Items from a dataset:
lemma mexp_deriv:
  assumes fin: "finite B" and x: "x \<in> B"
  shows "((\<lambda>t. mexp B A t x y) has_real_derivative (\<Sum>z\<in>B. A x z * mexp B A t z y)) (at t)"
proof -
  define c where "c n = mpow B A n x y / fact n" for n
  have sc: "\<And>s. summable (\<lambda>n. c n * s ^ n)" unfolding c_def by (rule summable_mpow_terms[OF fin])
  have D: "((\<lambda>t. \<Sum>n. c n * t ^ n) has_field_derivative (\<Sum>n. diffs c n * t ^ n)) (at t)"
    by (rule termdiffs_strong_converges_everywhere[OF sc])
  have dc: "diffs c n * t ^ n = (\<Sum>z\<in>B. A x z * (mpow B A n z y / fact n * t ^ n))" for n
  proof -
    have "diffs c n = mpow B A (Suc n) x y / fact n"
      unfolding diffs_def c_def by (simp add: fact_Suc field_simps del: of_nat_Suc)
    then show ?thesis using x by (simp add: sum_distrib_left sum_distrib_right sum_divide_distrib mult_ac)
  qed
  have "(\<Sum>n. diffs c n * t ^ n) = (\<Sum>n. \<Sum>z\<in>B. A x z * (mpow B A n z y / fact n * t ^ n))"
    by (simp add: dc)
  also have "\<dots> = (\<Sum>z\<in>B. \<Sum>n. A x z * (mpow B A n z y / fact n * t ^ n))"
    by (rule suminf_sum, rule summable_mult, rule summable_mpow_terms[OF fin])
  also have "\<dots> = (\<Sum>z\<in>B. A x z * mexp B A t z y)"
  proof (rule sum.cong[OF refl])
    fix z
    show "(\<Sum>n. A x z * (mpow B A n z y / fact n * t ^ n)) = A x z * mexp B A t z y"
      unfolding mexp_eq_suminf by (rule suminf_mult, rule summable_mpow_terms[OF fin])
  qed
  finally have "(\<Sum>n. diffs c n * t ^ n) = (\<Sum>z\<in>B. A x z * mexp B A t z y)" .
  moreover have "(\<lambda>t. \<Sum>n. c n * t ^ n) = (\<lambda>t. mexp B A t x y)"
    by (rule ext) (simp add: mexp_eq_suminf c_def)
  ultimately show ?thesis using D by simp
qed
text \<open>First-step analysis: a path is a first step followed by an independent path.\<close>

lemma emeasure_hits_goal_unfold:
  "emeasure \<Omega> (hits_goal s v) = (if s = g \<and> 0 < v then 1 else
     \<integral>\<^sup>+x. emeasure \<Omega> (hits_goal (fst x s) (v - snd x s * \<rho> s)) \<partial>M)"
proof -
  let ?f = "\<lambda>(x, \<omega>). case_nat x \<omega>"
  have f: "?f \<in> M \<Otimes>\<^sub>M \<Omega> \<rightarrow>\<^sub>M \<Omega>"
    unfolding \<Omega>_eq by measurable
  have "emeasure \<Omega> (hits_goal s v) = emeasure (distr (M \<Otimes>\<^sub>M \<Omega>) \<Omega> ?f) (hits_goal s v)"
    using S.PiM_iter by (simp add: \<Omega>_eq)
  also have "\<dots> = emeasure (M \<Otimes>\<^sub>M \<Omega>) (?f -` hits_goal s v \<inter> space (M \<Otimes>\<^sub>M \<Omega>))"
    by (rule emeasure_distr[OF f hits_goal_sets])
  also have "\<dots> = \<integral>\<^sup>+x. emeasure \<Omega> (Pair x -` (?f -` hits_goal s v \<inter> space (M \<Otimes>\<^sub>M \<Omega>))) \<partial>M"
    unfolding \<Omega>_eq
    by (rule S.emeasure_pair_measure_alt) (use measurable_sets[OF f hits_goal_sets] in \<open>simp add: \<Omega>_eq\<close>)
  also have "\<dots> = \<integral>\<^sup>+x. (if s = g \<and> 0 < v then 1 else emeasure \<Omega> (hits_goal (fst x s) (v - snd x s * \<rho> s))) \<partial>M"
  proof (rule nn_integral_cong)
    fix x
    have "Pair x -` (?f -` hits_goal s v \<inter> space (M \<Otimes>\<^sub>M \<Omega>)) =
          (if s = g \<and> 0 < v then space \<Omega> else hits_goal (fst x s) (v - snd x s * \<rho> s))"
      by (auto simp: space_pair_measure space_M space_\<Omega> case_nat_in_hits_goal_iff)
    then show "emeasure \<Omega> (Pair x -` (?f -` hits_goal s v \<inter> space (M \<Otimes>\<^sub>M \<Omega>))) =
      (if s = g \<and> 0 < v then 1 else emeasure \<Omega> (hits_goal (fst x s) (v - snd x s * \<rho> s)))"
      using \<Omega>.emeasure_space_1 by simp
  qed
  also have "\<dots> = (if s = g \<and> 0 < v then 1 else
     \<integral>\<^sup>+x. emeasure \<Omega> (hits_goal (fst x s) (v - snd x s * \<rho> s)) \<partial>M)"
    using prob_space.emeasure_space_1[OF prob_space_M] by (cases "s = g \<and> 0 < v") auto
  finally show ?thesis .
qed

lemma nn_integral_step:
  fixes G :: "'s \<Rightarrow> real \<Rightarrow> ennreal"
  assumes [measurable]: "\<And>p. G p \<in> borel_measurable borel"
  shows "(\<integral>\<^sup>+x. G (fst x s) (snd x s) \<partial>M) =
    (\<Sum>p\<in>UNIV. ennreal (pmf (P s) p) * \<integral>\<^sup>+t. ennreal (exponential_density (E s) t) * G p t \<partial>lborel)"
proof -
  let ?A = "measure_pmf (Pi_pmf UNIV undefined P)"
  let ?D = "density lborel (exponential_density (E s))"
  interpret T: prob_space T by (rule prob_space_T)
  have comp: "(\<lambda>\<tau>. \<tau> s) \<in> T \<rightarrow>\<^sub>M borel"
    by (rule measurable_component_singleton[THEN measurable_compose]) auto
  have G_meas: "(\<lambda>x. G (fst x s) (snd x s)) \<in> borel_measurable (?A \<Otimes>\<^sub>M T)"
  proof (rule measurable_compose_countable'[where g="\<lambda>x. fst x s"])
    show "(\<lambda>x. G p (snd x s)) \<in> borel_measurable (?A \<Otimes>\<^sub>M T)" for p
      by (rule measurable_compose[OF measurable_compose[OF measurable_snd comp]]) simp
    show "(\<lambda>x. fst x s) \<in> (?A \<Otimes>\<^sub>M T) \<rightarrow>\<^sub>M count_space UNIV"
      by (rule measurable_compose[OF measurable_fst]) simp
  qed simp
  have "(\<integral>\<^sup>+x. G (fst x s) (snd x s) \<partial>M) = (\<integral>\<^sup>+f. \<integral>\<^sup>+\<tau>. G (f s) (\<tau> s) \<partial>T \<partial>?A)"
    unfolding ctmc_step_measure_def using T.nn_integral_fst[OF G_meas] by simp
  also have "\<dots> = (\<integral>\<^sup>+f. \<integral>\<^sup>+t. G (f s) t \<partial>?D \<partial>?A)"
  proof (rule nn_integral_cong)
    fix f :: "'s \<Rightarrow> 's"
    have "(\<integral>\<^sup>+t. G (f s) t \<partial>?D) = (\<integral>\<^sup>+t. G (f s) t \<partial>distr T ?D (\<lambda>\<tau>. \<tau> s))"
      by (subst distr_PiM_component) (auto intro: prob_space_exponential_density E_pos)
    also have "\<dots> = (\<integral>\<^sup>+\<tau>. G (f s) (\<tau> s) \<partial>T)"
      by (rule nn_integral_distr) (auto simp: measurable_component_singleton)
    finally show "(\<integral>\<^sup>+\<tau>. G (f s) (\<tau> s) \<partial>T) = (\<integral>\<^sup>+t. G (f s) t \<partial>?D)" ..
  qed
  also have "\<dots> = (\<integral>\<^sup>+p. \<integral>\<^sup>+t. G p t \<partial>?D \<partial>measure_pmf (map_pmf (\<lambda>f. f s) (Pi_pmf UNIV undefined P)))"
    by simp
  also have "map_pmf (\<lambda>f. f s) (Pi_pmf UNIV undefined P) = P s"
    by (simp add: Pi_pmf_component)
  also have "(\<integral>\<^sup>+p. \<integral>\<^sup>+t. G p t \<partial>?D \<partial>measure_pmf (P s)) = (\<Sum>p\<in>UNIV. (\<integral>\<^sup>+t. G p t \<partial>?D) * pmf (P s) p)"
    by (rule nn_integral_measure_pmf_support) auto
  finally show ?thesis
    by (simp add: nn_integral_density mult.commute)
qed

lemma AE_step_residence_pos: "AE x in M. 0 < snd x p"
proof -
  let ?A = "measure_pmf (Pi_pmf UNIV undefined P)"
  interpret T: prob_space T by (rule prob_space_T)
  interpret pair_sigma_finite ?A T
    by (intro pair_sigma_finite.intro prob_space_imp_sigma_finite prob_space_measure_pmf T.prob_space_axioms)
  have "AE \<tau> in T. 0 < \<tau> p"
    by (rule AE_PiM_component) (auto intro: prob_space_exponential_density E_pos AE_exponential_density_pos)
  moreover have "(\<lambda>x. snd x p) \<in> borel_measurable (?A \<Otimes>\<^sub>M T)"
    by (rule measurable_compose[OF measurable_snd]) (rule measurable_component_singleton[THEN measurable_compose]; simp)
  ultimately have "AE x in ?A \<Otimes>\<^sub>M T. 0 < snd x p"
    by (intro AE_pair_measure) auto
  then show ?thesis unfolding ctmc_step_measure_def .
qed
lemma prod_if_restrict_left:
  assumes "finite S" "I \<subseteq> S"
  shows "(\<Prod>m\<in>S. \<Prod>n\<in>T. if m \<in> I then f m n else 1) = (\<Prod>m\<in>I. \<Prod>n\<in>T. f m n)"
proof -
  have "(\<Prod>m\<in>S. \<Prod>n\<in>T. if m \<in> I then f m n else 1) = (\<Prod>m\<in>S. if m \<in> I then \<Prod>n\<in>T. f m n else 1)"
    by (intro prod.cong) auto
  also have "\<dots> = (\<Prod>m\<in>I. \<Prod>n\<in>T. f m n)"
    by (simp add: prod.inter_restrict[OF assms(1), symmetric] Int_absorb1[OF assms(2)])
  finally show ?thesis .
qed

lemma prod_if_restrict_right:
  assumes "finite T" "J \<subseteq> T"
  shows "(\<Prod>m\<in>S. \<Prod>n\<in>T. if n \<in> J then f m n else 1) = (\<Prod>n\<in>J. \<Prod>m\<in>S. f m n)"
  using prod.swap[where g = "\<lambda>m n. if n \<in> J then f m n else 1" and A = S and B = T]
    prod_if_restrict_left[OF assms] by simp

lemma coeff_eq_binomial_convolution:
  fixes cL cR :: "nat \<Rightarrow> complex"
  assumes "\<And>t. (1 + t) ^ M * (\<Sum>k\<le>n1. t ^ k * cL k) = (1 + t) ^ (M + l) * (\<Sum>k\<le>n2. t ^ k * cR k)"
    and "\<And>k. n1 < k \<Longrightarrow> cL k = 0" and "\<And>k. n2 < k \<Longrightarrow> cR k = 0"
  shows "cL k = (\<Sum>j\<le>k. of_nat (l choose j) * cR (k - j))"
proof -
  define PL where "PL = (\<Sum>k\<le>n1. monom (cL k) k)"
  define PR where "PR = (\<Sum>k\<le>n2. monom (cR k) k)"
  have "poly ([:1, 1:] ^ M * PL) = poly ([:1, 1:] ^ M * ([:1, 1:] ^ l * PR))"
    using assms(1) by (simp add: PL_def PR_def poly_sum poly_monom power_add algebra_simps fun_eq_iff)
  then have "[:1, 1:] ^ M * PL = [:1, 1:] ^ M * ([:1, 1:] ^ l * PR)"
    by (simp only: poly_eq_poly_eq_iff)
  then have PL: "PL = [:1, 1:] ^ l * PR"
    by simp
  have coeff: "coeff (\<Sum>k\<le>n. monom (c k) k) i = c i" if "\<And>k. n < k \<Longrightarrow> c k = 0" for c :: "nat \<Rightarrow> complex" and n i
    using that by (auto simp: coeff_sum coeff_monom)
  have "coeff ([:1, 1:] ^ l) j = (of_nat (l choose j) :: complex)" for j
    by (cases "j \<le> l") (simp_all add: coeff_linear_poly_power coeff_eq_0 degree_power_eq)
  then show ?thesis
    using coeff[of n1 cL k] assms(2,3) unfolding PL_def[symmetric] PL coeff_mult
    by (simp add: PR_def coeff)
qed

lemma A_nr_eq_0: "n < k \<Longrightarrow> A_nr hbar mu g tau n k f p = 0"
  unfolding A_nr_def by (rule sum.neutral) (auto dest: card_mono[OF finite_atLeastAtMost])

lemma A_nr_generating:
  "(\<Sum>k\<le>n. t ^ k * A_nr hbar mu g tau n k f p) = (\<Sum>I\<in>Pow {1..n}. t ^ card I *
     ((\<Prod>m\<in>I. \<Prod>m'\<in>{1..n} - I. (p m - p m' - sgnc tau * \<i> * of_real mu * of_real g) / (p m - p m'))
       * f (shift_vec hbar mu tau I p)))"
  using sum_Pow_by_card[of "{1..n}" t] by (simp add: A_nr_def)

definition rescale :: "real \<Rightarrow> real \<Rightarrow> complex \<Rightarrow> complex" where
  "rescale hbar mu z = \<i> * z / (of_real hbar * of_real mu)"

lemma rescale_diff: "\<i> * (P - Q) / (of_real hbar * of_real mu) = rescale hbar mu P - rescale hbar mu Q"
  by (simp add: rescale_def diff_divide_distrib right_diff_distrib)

...

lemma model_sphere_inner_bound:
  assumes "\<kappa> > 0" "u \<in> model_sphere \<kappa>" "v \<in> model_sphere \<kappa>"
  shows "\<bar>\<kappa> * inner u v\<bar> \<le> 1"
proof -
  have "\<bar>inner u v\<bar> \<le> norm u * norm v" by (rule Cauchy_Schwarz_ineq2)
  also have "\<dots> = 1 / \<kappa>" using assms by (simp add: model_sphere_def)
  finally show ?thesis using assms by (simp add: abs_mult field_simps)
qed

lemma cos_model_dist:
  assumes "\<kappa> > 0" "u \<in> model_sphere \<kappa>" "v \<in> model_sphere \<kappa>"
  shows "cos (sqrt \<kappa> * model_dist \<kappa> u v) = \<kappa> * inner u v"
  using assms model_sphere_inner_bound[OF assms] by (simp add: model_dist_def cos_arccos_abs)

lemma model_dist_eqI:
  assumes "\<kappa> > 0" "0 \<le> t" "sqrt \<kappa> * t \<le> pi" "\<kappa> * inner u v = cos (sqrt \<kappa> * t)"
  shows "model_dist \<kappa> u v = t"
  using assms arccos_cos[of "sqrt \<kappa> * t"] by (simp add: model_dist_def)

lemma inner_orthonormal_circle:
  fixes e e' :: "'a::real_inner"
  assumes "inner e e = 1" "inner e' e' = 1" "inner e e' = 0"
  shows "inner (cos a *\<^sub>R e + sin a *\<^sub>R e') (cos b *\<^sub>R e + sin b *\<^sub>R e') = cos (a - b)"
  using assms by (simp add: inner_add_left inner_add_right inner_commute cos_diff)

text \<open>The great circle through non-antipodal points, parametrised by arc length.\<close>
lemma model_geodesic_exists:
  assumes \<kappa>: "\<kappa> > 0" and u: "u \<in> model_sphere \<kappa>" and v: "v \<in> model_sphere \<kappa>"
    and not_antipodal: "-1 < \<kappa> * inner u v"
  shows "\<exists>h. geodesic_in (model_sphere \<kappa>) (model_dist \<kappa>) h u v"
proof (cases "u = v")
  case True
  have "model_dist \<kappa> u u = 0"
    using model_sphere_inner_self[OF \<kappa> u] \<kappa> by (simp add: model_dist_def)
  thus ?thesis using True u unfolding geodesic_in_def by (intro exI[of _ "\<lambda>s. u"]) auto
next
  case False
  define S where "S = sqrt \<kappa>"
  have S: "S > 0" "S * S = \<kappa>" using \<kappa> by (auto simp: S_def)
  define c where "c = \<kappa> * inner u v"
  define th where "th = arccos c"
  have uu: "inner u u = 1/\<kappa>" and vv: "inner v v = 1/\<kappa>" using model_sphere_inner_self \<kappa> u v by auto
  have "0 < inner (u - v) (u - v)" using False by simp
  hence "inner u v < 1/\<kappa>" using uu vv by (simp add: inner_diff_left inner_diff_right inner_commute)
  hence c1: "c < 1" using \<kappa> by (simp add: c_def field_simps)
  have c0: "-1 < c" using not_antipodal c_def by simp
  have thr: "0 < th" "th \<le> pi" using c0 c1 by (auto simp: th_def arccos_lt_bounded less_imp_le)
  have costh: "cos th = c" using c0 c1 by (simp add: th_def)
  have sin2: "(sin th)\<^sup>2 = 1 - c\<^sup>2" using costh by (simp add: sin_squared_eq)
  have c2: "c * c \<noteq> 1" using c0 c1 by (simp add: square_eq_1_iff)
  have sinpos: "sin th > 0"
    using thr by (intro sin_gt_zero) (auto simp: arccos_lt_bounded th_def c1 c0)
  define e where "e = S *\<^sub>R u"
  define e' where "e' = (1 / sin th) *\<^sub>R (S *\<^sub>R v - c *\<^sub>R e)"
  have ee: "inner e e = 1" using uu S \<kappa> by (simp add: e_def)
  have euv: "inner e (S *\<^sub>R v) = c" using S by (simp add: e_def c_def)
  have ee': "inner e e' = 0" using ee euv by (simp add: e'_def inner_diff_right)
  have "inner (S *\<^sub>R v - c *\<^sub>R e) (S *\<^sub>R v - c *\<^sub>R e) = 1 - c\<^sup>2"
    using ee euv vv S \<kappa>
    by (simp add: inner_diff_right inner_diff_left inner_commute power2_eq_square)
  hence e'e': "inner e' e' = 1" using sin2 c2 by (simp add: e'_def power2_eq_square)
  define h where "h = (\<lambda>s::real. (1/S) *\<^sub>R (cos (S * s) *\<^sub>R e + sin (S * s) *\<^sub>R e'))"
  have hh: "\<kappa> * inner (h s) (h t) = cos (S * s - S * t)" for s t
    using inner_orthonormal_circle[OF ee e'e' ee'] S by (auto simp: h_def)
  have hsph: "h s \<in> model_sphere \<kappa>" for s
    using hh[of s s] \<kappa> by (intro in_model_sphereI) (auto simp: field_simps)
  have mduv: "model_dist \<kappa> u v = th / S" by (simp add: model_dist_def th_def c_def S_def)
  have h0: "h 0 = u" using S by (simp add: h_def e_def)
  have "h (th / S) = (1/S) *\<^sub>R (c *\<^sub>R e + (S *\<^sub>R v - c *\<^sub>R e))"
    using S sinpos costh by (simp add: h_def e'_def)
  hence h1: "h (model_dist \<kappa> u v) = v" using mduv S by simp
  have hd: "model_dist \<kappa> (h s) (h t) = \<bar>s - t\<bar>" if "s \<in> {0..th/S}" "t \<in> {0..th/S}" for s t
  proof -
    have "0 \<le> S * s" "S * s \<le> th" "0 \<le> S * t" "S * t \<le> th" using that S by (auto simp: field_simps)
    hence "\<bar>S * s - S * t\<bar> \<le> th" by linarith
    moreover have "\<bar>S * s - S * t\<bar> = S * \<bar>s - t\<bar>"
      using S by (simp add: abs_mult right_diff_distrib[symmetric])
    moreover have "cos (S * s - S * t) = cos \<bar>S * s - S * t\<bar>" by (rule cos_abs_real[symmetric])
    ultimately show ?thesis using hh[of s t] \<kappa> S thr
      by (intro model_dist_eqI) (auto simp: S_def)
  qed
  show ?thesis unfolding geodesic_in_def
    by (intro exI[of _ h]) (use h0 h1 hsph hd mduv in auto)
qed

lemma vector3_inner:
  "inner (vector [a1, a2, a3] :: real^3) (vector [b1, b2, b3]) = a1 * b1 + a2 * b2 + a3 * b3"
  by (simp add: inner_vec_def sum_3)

==

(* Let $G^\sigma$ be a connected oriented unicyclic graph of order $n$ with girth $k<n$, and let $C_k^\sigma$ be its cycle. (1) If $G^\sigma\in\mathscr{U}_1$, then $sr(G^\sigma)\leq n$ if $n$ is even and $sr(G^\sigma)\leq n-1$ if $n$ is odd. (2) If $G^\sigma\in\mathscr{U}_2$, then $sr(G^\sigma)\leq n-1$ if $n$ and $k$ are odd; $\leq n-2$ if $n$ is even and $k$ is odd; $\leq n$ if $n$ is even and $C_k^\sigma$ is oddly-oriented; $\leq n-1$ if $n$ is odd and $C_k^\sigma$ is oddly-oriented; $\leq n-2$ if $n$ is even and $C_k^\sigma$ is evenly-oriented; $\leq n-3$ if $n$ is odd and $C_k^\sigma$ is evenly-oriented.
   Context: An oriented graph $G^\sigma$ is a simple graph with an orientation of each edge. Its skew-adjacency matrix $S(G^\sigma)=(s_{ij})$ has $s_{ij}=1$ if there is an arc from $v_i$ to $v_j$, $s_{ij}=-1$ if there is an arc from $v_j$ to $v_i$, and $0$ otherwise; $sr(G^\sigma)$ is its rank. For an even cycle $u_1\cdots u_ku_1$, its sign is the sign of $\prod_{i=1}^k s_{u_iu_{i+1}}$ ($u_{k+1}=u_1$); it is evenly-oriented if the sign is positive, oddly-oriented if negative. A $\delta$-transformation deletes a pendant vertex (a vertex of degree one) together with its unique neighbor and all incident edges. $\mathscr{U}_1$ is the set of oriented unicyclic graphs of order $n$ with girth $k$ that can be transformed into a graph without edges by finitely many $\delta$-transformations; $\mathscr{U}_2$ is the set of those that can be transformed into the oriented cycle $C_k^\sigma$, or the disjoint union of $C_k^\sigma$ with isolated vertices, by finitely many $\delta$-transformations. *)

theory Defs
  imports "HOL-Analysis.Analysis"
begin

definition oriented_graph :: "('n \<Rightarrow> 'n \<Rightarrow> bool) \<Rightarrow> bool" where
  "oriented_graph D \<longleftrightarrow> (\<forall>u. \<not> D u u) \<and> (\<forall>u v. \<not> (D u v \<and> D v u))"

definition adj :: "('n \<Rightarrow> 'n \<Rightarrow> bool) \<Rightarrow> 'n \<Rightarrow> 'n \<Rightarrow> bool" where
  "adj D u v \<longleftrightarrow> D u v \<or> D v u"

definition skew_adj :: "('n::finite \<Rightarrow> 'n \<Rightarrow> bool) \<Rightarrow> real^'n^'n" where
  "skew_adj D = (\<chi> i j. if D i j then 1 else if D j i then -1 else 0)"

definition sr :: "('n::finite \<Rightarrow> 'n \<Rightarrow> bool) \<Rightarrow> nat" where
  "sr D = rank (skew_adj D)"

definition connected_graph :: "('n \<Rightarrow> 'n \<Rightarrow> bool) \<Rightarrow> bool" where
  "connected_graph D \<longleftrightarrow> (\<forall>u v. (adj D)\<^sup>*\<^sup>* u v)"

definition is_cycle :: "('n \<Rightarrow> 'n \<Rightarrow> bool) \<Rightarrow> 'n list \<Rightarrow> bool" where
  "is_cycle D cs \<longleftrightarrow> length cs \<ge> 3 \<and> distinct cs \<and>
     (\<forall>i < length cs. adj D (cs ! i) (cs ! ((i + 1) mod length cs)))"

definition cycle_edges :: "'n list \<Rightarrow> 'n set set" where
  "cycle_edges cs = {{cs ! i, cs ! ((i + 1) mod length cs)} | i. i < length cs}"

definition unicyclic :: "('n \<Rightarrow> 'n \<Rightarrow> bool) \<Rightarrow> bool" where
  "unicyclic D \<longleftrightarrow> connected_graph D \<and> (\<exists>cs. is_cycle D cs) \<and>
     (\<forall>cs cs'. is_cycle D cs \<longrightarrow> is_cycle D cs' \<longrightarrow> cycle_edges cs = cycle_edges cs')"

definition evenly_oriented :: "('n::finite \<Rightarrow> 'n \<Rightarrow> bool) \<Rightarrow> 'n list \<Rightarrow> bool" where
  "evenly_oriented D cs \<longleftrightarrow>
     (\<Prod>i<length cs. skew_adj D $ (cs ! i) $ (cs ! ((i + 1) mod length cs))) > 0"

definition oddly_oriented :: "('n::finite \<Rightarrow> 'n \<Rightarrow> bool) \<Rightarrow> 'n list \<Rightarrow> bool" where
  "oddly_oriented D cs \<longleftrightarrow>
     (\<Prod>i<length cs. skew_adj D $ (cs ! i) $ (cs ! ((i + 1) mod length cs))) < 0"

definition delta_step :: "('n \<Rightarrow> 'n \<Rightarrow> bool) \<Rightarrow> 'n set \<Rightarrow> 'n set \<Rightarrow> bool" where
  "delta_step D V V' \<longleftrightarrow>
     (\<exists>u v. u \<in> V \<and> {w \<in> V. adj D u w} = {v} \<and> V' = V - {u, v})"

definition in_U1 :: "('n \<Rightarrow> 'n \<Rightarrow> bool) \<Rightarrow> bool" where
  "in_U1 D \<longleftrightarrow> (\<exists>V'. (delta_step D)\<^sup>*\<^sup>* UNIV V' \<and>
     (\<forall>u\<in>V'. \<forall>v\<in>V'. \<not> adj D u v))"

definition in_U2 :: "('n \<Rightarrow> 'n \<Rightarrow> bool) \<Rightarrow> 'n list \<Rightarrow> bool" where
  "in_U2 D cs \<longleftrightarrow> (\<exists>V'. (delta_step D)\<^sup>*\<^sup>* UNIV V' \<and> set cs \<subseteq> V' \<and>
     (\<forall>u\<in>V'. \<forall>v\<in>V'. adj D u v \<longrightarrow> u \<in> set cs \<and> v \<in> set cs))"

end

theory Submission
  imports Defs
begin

◆ **What the exercise asks**
Where does "close" occur in the data? Copy each line that has it.

◆ **Solution to this task**
text \<open>First-step analysis: a path is a first step followed by an independent path.\<close>
    by (rule S.emeasure_pair_measure_alt) (use measurable_sets[OF f hits_goal_sets] in \<open>simp add: \<Omega>_eq\<close>)
text \<open>The great circle through non-antipodal points, parametrised by arc length.\<close>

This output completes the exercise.